Lines before the one containing "fixes a b c d i j :: nat" are excluded; reproduce that line and all lines after it in the entries below, exactly.

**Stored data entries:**
-*-

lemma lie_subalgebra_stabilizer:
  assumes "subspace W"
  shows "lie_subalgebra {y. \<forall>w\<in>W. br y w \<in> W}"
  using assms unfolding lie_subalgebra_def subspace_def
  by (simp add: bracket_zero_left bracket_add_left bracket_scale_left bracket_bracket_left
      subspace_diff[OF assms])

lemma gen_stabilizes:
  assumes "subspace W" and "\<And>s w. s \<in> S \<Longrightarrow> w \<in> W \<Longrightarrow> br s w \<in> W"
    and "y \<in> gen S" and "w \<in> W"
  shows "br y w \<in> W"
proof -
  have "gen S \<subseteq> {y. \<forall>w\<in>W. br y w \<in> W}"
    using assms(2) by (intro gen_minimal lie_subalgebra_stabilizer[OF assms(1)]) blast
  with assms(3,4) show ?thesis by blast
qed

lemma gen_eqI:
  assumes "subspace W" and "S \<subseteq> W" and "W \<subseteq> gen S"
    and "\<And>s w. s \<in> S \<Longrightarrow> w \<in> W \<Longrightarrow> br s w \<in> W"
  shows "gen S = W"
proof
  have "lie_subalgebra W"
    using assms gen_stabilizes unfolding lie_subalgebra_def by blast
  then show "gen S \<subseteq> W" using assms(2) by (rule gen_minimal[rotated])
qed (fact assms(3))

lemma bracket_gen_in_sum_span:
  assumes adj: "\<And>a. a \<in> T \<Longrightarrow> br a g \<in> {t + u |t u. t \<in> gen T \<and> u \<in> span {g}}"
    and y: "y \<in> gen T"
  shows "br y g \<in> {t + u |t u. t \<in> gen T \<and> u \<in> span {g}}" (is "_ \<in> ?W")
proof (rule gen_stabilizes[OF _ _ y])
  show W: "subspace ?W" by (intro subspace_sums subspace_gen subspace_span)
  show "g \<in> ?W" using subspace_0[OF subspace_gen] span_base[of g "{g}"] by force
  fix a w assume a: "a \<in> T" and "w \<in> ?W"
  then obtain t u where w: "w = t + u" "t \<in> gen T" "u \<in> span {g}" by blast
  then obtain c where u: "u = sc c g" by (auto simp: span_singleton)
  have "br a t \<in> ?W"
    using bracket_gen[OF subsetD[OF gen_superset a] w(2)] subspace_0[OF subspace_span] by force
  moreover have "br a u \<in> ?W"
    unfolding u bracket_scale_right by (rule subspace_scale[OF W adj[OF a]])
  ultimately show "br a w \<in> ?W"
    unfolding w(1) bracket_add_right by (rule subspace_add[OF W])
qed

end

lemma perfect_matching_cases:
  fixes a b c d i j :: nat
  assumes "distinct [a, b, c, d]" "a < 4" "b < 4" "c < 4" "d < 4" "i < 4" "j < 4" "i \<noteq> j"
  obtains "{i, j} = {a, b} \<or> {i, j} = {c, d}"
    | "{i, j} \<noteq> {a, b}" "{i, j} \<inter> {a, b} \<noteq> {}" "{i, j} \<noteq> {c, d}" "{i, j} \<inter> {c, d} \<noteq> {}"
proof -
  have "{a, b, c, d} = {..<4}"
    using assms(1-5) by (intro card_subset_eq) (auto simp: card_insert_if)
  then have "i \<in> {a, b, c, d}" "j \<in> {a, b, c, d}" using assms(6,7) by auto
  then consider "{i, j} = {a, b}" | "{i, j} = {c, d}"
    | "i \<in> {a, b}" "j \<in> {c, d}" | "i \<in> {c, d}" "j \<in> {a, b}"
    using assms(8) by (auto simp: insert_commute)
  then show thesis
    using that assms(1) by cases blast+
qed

-*-

**Output for this exercise:**
  fixes a b c d i j :: nat
  assumes "distinct [a, b, c, d]" "a < 4" "b < 4" "c < 4" "d < 4" "i < 4" "j < 4" "i \<noteq> j"
  obtains "{i, j} = {a, b} \<or> {i, j} = {c, d}"
    | "{i, j} \<noteq> {a, b}" "{i, j} \<inter> {a, b} \<noteq> {}" "{i, j} \<noteq> {c, d}" "{i, j} \<inter> {c, d} \<noteq> {}"
proof -
  have "{a, b, c, d} = {..<4}"
    using assms(1-5) by (intro card_subset_eq) (auto simp: card_insert_if)
  then have "i \<in> {a, b, c, d}" "j \<in> {a, b, c, d}" using assms(6,7) by auto
  then consider "{i, j} = {a, b}" | "{i, j} = {c, d}"
    | "i \<in> {a, b}" "j \<in> {c, d}" | "i \<in> {c, d}" "j \<in> {a, b}"
    using assms(8) by (auto simp: insert_commute)
  then show thesis
    using that assms(1) by cases blast+
qed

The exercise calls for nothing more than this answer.